Check every line of the data below for "definition". Copy each one that has it.
(SOURCE MATERIAL)
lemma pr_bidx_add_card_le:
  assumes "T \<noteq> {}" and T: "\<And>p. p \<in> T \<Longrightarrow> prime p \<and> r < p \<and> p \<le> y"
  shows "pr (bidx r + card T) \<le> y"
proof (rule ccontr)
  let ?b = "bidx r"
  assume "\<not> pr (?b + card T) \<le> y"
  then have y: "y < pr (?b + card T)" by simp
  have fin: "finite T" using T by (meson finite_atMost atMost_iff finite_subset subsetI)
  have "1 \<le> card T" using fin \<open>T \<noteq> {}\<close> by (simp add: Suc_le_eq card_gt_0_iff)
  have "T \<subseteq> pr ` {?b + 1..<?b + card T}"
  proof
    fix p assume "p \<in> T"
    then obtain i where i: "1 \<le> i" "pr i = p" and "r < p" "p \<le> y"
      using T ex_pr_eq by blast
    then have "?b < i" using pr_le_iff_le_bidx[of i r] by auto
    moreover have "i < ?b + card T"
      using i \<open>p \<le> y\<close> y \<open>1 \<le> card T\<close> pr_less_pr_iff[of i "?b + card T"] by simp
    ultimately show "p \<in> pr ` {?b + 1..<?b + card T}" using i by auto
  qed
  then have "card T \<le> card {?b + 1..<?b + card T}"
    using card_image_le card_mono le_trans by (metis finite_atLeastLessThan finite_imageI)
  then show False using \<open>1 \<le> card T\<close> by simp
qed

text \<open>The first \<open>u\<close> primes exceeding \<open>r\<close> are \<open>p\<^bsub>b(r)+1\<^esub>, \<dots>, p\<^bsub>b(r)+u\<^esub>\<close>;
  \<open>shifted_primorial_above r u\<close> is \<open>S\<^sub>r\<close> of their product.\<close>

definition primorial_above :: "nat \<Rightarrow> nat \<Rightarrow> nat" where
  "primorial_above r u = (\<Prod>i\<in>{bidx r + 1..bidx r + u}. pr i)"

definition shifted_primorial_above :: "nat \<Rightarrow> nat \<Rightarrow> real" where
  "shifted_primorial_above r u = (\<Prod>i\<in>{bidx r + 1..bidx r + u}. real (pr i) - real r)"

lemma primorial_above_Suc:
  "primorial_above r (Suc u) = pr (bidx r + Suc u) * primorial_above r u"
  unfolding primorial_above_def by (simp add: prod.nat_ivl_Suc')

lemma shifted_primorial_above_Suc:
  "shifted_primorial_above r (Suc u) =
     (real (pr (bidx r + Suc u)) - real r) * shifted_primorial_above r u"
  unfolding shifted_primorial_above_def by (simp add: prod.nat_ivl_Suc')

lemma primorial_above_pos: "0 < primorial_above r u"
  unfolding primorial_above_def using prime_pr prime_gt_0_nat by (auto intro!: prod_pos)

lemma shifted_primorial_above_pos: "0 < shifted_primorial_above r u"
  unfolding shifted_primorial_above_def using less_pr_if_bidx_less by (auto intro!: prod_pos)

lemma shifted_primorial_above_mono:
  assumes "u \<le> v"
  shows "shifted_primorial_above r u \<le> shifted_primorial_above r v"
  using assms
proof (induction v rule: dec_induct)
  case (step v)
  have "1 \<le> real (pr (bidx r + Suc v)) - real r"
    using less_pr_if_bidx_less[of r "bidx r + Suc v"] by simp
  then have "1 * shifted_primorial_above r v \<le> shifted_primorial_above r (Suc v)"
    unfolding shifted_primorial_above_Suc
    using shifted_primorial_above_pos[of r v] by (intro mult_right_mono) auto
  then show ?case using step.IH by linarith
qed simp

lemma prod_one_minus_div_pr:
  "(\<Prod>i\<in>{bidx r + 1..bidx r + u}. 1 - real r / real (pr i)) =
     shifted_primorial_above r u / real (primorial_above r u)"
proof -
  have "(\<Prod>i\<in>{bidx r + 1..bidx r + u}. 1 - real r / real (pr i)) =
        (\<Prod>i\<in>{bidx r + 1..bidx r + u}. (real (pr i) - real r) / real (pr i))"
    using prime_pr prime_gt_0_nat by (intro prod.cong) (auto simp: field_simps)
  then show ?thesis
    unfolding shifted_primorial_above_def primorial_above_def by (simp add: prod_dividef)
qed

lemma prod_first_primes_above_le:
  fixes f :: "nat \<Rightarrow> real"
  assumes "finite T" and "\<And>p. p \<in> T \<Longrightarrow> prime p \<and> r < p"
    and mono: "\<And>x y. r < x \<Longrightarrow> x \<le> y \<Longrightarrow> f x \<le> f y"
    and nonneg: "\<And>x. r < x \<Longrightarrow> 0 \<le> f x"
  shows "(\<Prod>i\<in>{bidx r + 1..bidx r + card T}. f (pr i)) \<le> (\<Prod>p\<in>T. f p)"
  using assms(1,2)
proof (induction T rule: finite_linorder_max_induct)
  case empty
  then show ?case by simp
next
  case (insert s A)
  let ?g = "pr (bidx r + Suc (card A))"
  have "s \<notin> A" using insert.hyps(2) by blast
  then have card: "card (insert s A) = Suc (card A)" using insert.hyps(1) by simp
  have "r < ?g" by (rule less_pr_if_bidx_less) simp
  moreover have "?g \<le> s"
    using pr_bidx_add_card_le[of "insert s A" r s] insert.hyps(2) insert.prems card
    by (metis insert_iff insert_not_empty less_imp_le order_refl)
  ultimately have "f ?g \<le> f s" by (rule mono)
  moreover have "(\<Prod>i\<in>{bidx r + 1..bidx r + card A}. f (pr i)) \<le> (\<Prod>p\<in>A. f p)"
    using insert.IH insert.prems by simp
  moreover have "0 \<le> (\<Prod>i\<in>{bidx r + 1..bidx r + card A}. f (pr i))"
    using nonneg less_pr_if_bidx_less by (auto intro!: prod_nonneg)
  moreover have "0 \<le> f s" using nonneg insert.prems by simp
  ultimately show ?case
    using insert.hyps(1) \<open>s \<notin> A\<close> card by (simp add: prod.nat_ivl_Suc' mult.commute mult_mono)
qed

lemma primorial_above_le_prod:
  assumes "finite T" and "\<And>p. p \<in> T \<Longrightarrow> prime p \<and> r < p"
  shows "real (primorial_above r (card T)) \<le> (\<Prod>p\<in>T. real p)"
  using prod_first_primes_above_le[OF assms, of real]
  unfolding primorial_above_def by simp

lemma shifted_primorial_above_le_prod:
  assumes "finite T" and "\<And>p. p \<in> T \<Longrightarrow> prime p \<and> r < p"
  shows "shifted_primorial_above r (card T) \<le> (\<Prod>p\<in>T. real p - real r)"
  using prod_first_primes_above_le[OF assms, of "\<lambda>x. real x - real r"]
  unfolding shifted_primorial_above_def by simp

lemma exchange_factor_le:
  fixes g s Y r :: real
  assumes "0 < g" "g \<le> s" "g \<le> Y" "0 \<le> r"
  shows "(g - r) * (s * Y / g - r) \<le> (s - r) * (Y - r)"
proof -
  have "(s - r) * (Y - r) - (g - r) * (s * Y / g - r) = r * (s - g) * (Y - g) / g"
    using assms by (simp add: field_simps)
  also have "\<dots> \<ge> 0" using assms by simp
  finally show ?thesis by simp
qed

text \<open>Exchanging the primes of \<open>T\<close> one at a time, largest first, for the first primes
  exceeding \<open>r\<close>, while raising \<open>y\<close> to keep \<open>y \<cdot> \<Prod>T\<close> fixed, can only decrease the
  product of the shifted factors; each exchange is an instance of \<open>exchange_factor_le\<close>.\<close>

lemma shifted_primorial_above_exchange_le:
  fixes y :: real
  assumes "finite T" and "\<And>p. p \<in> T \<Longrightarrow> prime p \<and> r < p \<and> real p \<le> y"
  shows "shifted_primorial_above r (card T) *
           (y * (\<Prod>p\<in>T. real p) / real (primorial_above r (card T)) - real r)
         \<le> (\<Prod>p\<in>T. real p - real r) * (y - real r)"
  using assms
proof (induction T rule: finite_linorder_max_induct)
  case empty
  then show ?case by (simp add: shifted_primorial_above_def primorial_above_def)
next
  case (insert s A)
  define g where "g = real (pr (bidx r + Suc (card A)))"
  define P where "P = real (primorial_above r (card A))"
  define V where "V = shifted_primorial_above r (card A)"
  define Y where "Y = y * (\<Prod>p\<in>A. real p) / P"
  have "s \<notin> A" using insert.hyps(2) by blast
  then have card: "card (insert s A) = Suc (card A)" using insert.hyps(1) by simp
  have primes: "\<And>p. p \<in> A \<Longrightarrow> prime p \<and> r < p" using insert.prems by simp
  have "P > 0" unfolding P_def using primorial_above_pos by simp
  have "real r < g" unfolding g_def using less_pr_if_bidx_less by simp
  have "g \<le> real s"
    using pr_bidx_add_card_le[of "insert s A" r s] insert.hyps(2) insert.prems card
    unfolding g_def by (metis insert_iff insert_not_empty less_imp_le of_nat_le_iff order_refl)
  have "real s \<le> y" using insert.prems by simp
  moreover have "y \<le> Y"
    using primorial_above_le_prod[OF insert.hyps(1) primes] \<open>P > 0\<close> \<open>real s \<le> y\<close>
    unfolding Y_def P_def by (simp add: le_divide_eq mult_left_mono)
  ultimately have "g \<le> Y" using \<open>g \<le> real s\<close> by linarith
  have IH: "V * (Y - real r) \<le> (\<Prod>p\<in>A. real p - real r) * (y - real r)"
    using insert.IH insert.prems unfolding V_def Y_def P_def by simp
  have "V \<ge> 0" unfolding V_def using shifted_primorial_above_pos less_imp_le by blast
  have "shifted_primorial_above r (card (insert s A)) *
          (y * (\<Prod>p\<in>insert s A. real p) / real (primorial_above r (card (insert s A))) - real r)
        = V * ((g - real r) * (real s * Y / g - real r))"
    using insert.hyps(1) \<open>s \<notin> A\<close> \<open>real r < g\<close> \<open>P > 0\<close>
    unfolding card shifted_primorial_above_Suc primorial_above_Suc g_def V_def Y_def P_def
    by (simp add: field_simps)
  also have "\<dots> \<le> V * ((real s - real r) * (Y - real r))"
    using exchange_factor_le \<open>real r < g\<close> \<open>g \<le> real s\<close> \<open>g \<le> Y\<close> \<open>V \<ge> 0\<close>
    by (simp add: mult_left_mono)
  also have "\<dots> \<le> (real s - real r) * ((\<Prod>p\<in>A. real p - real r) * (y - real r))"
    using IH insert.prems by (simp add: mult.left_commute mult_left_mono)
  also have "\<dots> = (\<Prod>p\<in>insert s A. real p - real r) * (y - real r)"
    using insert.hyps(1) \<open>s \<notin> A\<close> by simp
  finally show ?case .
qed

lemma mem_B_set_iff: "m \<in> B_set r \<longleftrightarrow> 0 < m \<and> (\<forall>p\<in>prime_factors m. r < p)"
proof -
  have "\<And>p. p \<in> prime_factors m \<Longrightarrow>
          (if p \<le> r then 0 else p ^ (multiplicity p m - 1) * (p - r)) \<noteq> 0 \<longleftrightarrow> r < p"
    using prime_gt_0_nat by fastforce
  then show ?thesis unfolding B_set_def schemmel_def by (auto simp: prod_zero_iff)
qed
(End SOURCE MATERIAL)
EXERCISE OUTPUT:
definition primorial_above :: "nat \<Rightarrow> nat \<Rightarrow> nat" where
definition shifted_primorial_above :: "nat \<Rightarrow> nat \<Rightarrow> real" where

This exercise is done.